Graphical representation of the minimal difference between the actual (straight line) and predicted responses (circles) for the Response Surface Methodology design for optimal β-glucosidase activity.

BBD

The maximum β-glucosidase production (2.51 U/ml) in the BBD by N. parvum F7 was in run two with optimal glycerol concentration (0.5%), low temperature (20 °C) and longer incubation time (12 days) (Table 4). Slightly lower activity (1.97 U/ml) was observed in run nine at the same temperature on day 10 with lower glycerol concentration (0.25%). Even lower but similar activities (1.92 U/ml) were obtained in run 6 with a 12-day incubation, optimal incubation temperature (30 °C) and lower glycerol concentration (0.25%). A study by Gao et al.41 reported maximal β-glucosidase production after 10 days of incubation. Another study by Kao et al.1. reported maximal β-glucosidase production on day eight by Chaetomella raphigera.

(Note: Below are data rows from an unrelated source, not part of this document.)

lemma periodic_range_eq:
  fixes f :: "real \<Rightarrow> 'a"
  assumes per: "\<forall>x. f (x + T) = f x" and "T > 0"
  shows "range f = f ` {a..<a + T}"
proof (intro equalityI subsetI)
  fix z assume "z \<in> range f"
  then obtain x where z: "z = f x" by blast
  obtain k :: int where "x + of_int k * T \<in> {a..<a + T}"
    using shift_into_period_interval[OF \<open>T > 0\<close>] .
  then show "z \<in> f ` {a..<a + T}"
    unfolding z by (metis image_eqI periodic_int_shift[OF per])
qed blast

lemma periodic_inj_on_shift:
  fixes f :: "real \<Rightarrow> 'a"
  assumes per: "\<forall>x. f (x + T) = f x" and "T > 0" and inj: "inj_on f {0..<T}"
  shows "inj_on f {a..<a + T}"
proof (rule inj_onI)
  fix x y assume x: "x \<in> {a..<a + T}" and y: "y \<in> {a..<a + T}" and "f x = f y"
  obtain k :: int where k: "x + of_int k * T \<in> {0..<T}"
    using shift_into_period_interval[OF \<open>T > 0\<close>] by (metis add_0)
  obtain l :: int where l: "y + of_int l * T \<in> {0..<T}"
    using shift_into_period_interval[OF \<open>T > 0\<close>] by (metis add_0)
  have "f (x + of_int k * T) = f (y + of_int l * T)"
    using \<open>f x = f y\<close> by (simp add: periodic_int_shift[OF per])
  then have "x + of_int k * T = y + of_int l * T"
    using inj_onD[OF inj _ k l] by blast
  then have "of_int (l - k) * T = x - y" by (simp add: algebra_simps)
  moreover have "\<bar>x - y\<bar> < 1 * T" using x y by auto
  ultimately have "\<bar>of_int (l - k)\<bar> * T < 1 * T"
    using \<open>T > 0\<close> by (metis abs_mult abs_of_pos)
  then have "\<bar>of_int (l - k)\<bar> < (1::real)"
    using \<open>T > 0\<close> by (simp only: mult_less_cancel_right_pos)
  then have "l = k" by linarith
  with \<open>of_int (l - k) * T = x - y\<close> show "x = y" by simp
qed

lemma support_paramD:
  assumes "support_param Ov \<gamma>"
  shows "\<forall>\<theta>. \<gamma> (\<theta> + 2 * pi) = \<gamma> \<theta>" and "inj_on \<gamma> {a..<a + 2 * pi}" and "range \<gamma> = Ov"
    and "Ov = \<gamma> ` {a..<a + 2 * pi}"
  using assms periodic_inj_on_shift[of \<gamma> "2 * pi"] periodic_range_eq[of \<gamma> "2 * pi"]
  unfolding support_param_def by auto

lemma support_param_derivative:
  assumes "support_param Ov \<gamma>"
  obtains d where "\<And>\<theta>. d \<theta> \<ge> 0"
    and "\<And>\<theta>. (\<gamma> has_vector_derivative complex_of_real (d \<theta>) * (\<i> * cis \<theta>)) (at \<theta>)"
proof -
  from assms obtain v where
    "\<And>\<theta>. (\<gamma> has_vector_derivative v \<theta>) (at \<theta>)"
    "\<And>\<theta>. v \<theta> = complex_of_real (cmod (v \<theta>)) * (\<i> * cis \<theta>)"
    unfolding support_param_def by metis
  then show thesis by (intro that[of "\<lambda>\<theta>. cmod (v \<theta>)"]) auto
qed

lemma support_param_continuous:
  assumes "support_param Ov \<gamma>"
  shows "continuous_on UNIV \<gamma>"
proof -
  obtain d where "\<And>\<theta>. (\<gamma> has_vector_derivative complex_of_real (d \<theta>) * (\<i> * cis \<theta>)) (at \<theta>)"
    using support_param_derivative[OF assms] by blast
  then show ?thesis
    by (meson continuous_at_imp_continuous_on has_vector_derivative_continuous)
qed

lemma abs_sin_le_tan_mul_cos:
  fixes x \<delta> :: real
  assumes "\<bar>x\<bar> \<le> \<delta>" "\<delta> < pi / 2"
  shows "\<bar>sin x\<bar> \<le> tan \<delta> * cos x"
proof -
  have "cos x > 0" using assms by (intro cos_gt_zero_pi) auto
  have "tan x \<le> tan \<delta>" "tan (- x) \<le> tan \<delta>"
    using assms by (intro tan_mono_le; simp)+
  then have "\<bar>tan x\<bar> \<le> tan \<delta>" by simp
  then have "\<bar>tan x\<bar> * cos x \<le> tan \<delta> * cos x"
    using \<open>cos x > 0\<close> by (simp add: mult_right_mono)
  then show ?thesis
    using \<open>cos x > 0\<close> by (simp add: tan_def abs_divide)
qed

lemma abs_diff_le_of_deriv_dominated:
  fixes g k :: "real \<Rightarrow> real"
  assumes "a \<le> b"
    and g: "\<And>u. u \<in> {a..b} \<Longrightarrow> (g has_real_derivative g' u) (at u)"
    and k: "\<And>u. u \<in> {a..b} \<Longrightarrow> (k has_real_derivative k' u) (at u)"
    and dom: "\<And>u. u \<in> {a..b} \<Longrightarrow> \<bar>g' u\<bar> \<le> k' u"
  shows "\<bar>g b - g a\<bar> \<le> k b - k a"
proof -
  have "(\<lambda>u. k u - g u) a \<le> (\<lambda>u. k u - g u) b"
    by (rule DERIV_nonneg_imp_nondecreasing[OF \<open>a \<le> b\<close>])
      (use g k dom in \<open>fastforce intro!: derivative_eq_intros\<close>)
  moreover have "(\<lambda>u. k u + g u) a \<le> (\<lambda>u. k u + g u) b"
    by (rule DERIV_nonneg_imp_nondecreasing[OF \<open>a \<le> b\<close>])
      (use g k dom in \<open>fastforce intro!: derivative_eq_intros\<close>)
  ultimately show ?thesis by simp
qed

lemma support_param_chord_angle:
  assumes sp: "support_param Ov \<gamma>" and "\<delta> < pi / 2" and near: "\<bar>\<psi> - \<phi>\<bar> \<le> \<delta>"
  shows "\<bar>Re ((\<gamma> \<psi> - \<gamma> \<phi>) * cnj (cis \<phi>))\<bar> \<le> tan \<delta> * cmod (\<gamma> \<psi> - \<gamma> \<phi>)"
proof -
  obtain d where d_nonneg: "\<And>u. d u \<ge> 0"
    and d: "\<And>u. (\<gamma> has_vector_derivative complex_of_real (d u) * (\<i> * cis u)) (at u)"
    using support_param_derivative[OF sp] by blast
  define g where "g u = Re ((\<gamma> u - \<gamma> \<phi>) * cnj (cis \<phi>))" for u
  define k where "k u = tan \<delta> * Im ((\<gamma> u - \<gamma> \<phi>) * cnj (cis \<phi>))" for u
  have rotated: "((\<lambda>u. (\<gamma> u - \<gamma> \<phi>) * cnj (cis \<phi>)) has_vector_derivative
      complex_of_real (d u) * (\<i> * cis (u - \<phi>))) (at u)" for u
  proof -
    have "((\<lambda>u. (\<gamma> u - \<gamma> \<phi>) * cnj (cis \<phi>)) has_vector_derivative
        (complex_of_real (d u) * (\<i> * cis u) - 0) * cnj (cis \<phi>)) (at u)"
      by (intro has_vector_derivative_mult_left has_vector_derivative_diff d
          has_vector_derivative_const)
    moreover have "(complex_of_real (d u) * (\<i> * cis u) - 0) * cnj (cis \<phi>)
        = complex_of_real (d u) * (\<i> * cis (u - \<phi>))"
      using cis_mult[of u "- \<phi>"] by (simp add: cis_cnj algebra_simps)
    ultimately show ?thesis by (simp only:)
  qed
  have g': "(g has_real_derivative - d u * sin (u - \<phi>)) (at u)" for u
    using has_field_derivative_Re[OF rotated] unfolding g_def by simp
  have k': "(k has_real_derivative tan \<delta> * (d u * cos (u - \<phi>))) (at u)" for u
    using DERIV_cmult[OF has_field_derivative_Im[OF rotated]] unfolding k_def by simp
  have dom: "\<bar>- d u * sin (u - \<phi>)\<bar> \<le> tan \<delta> * (d u * cos (u - \<phi>))"
    if "\<bar>u - \<phi>\<bar> \<le> \<delta>" for u
    using mult_left_mono[OF abs_sin_le_tan_mul_cos[OF that \<open>\<delta> < pi / 2\<close>] d_nonneg[of u]] d_nonneg[of u]
    by (simp add: abs_mult algebra_simps)
  have "\<bar>g \<psi>\<bar> \<le> \<bar>k \<psi>\<bar>"
  proof (cases "\<phi> \<le> \<psi>")
    case True
    have "\<bar>g \<psi> - g \<phi>\<bar> \<le> k \<psi> - k \<phi>"
      by (rule abs_diff_le_of_deriv_dominated[OF True g' k' dom]) (use near in auto)
    then show ?thesis by (simp add: g_def k_def)
  next
    case False
    have "\<bar>g \<phi> - g \<psi>\<bar> \<le> k \<phi> - k \<psi>"
      by (rule abs_diff_le_of_deriv_dominated[OF _ g' k' dom]) (use False near in auto)
    then show ?thesis by (simp add: g_def k_def)
  qed
  also have "\<bar>k \<psi>\<bar> \<le> tan \<delta> * cmod (\<gamma> \<psi> - \<gamma> \<phi>)"
  proof -
    have "0 \<le> \<delta>" using near by linarith
    then have "0 \<le> tan \<delta>"
      using \<open>\<delta> < pi / 2\<close> tan_gt_zero[of \<delta>] by (cases "\<delta> = 0") auto
    moreover have "\<bar>Im ((\<gamma> \<psi> - \<gamma> \<phi>) * cnj (cis \<phi>))\<bar> \<le> cmod (\<gamma> \<psi> - \<gamma> \<phi>)"
      using abs_Im_le_cmod[of "(\<gamma> \<psi> - \<gamma> \<phi>) * cnj (cis \<phi>)"] by (simp add: norm_mult)
    ultimately show ?thesis unfolding k_def by (simp add: abs_mult mult_left_mono)
  qed
  finally show ?thesis unfolding g_def .
qed

lemma support_param_local_preimage:
  assumes sp: "support_param Ov \<gamma>" and "0 < \<delta>" "\<delta> < pi"
    and cont: "isCont p t" and img: "range p \<subseteq> Ov" and pt: "p t = \<gamma> \<phi>"
  shows "\<forall>\<^sub>F s in at t. \<exists>u. \<bar>u - \<phi>\<bar> \<le> \<delta> \<and> p s = \<gamma> u"
proof -
  define K where "K = \<gamma> ` {\<phi> + \<delta>..\<phi> + 2 * pi - \<delta>}"
  have "closed K"
    unfolding K_def using support_param_continuous[OF sp]
    by (intro compact_imp_closed compact_continuous_image) (auto intro: continuous_on_subset)
  have "\<gamma> \<phi> \<notin> K"
  proof
    assume "\<gamma> \<phi> \<in> K"
    then obtain u where u: "u \<in> {\<phi> + \<delta>..\<phi> + 2 * pi - \<delta>}" "\<gamma> \<phi> = \<gamma> u"
      unfolding K_def by auto
    then have "\<phi> = u"
      using inj_onD[OF support_paramD(2)[OF sp, of \<phi>]] \<open>0 < \<delta>\<close> by auto
    with u \<open>0 < \<delta>\<close> show False by auto
  qed
  then have "\<forall>\<^sub>F s in at t. p s \<in> - K"
    using topological_tendstoD[OF cont[unfolded isCont_def] open_Compl[OF \<open>closed K\<close>]] pt
    by simp
  then show ?thesis
  proof (rule eventually_mono)
    fix s assume "p s \<in> - K"
    obtain u where u: "u \<in> {\<phi> - \<delta>..<\<phi> - \<delta> + 2 * pi}" "p s = \<gamma> u"
      using img support_paramD(4)[OF sp, of "\<phi> - \<delta>"] by blast
    have "u < \<phi> + \<delta>"
    proof (rule ccontr)
      assume "\<not> u < \<phi> + \<delta>"
      with u have "p s \<in> K" unfolding K_def by auto
      with \<open>p s \<in> - K\<close> show False by simp
    qed
    with u show "\<exists>u. \<bar>u - \<phi>\<bar> \<le> \<delta> \<and> p s = \<gamma> u" by (intro exI[of _ u]) auto
  qed
qed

Analysis of variance (ANOVA) (Table 6) revealed that the model is significant with a p-value ≤ 0.05 whilst the lack of fit p-value is non-significant as it is greater than 0.05 this is logical and acceptable as Bezerra et al.5 also reported similar results. The model, the linear and square terms for incubation temperature (X3), and the interaction between incubation time (X1), incubation time and incubation temperature (X2) were significant in the 90–95% confidence interval with p-values of 0.04, 0.03, 0.056, and 0.02, respectively. The glycerol concentration (X3) displayed no significant (p-value 0.08) effect on β-glucosidase production. It is important to note that incubation temperature (X2) was the only significant factor in the 0.05 level of significance whilst glycerol concentration (X3) and incubation time (X1) were significant in the 0.1 level of significance in the PBD. Three variables are required for BBD; therefore, incubation time (X1) and glycerol concentration (X3) were considered significant, therefore this may have resulted in the two factors displaying no level of significance in the BBD. The second-order regression equation provides the β-glucosidase activity produced by the N. parvum strain F7 as a function of incubation time (X1), incubation temperature (X2), and glycerol (X3) which can be presented in the following Eq. (4):

$${\text{Y}}\, = \,{1}.{43}\, + \,0.{\text{313X}}_{{1}} \, - \,0.{\text{113X}}_{{2}} \, + \,0.0{3}0{\text{X}}_{{3}} \, + \,0.0{\text{1X}}_{{1}}^{{2}} \, - \,0.0{\text{1X}}_{{2}}^{{2}} \, + \,0.000{\text{9X}}_{{3}}^{{2}} \, - \,0.0{\text{4X}}_{{{12}}} \, + \,0.00{\text{9X}}_{{{13}}} \, + \,0.00{\text{3X}}_{{{32}}} ,$$
(4)

where Y is the peak area, X1 is the incubation time, X2 is the incubation temperature and X3 is the glycerol concentration. The model constants and coefficients were generated using the unstandardized beta values.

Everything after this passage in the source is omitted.